Activity: Your response should reproduce every line of the entries that contains the word "unfolding".

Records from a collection
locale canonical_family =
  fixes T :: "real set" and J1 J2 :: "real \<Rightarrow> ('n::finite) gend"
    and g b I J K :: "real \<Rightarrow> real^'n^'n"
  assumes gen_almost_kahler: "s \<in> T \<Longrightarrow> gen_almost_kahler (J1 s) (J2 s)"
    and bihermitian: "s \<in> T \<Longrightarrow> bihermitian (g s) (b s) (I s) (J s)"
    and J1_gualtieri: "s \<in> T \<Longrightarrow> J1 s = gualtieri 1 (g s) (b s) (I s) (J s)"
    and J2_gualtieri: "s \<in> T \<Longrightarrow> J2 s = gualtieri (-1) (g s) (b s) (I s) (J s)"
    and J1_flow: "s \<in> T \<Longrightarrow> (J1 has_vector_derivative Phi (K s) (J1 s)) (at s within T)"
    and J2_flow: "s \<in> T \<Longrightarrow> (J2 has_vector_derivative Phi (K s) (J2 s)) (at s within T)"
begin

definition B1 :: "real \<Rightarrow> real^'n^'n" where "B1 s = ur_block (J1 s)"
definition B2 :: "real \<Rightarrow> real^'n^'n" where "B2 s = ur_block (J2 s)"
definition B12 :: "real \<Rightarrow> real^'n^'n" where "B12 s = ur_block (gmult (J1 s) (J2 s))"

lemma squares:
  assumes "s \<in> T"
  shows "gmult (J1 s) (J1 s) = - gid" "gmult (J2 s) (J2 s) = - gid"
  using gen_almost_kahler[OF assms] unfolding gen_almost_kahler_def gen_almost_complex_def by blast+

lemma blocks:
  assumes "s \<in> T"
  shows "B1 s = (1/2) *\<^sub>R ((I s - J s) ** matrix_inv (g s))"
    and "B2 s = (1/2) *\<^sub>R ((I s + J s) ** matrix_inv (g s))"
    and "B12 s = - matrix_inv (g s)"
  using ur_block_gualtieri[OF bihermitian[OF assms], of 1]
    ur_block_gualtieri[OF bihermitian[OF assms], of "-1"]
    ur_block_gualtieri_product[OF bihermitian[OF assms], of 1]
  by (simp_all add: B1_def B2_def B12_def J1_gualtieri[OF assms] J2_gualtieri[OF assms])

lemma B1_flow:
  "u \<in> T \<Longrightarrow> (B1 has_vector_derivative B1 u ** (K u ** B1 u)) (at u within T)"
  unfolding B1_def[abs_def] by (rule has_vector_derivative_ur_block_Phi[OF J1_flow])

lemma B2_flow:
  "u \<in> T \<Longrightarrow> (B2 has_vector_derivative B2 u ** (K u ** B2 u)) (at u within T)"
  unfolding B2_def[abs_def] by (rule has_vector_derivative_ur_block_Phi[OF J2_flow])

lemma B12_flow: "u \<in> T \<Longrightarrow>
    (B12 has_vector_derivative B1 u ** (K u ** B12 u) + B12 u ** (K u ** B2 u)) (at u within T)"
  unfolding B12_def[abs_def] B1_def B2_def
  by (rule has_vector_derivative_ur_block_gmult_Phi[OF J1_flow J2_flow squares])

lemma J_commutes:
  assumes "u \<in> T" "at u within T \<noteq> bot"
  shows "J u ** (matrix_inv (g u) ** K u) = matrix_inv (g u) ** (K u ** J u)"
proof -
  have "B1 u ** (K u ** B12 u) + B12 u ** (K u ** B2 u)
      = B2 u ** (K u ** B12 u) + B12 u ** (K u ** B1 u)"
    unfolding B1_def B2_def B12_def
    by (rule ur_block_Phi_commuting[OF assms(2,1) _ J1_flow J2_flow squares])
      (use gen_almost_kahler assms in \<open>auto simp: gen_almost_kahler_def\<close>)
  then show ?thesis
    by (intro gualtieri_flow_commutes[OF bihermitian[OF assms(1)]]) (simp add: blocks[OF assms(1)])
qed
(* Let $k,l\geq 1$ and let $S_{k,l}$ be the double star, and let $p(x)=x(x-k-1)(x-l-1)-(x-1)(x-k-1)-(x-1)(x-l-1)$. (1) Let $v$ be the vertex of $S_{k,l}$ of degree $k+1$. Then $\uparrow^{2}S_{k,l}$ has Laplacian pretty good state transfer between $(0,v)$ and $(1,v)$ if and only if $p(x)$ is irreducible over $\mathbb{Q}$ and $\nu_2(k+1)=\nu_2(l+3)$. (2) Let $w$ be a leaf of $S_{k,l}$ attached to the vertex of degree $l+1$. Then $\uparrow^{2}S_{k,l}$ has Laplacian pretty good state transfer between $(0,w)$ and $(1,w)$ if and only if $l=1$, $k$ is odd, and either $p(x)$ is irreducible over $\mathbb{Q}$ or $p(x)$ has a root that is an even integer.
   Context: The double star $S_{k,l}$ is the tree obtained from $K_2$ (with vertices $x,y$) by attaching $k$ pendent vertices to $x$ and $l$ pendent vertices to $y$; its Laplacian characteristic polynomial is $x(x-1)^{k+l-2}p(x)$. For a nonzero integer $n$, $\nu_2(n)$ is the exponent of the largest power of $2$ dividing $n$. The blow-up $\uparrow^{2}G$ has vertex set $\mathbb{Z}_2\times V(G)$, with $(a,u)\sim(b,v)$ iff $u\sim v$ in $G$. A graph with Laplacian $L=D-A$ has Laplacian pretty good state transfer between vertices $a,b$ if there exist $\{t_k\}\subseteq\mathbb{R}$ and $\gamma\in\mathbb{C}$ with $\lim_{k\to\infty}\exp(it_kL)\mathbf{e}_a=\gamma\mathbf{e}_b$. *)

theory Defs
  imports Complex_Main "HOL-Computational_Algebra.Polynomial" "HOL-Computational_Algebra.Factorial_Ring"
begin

Response area:
  using gen_almost_kahler[OF assms] unfolding gen_almost_kahler_def gen_almost_complex_def by blast+
  unfolding B1_def[abs_def] by (rule has_vector_derivative_ur_block_Phi[OF J1_flow])
  unfolding B2_def[abs_def] by (rule has_vector_derivative_ur_block_Phi[OF J2_flow])
  unfolding B12_def[abs_def] B1_def B2_def
    unfolding B1_def B2_def B12_def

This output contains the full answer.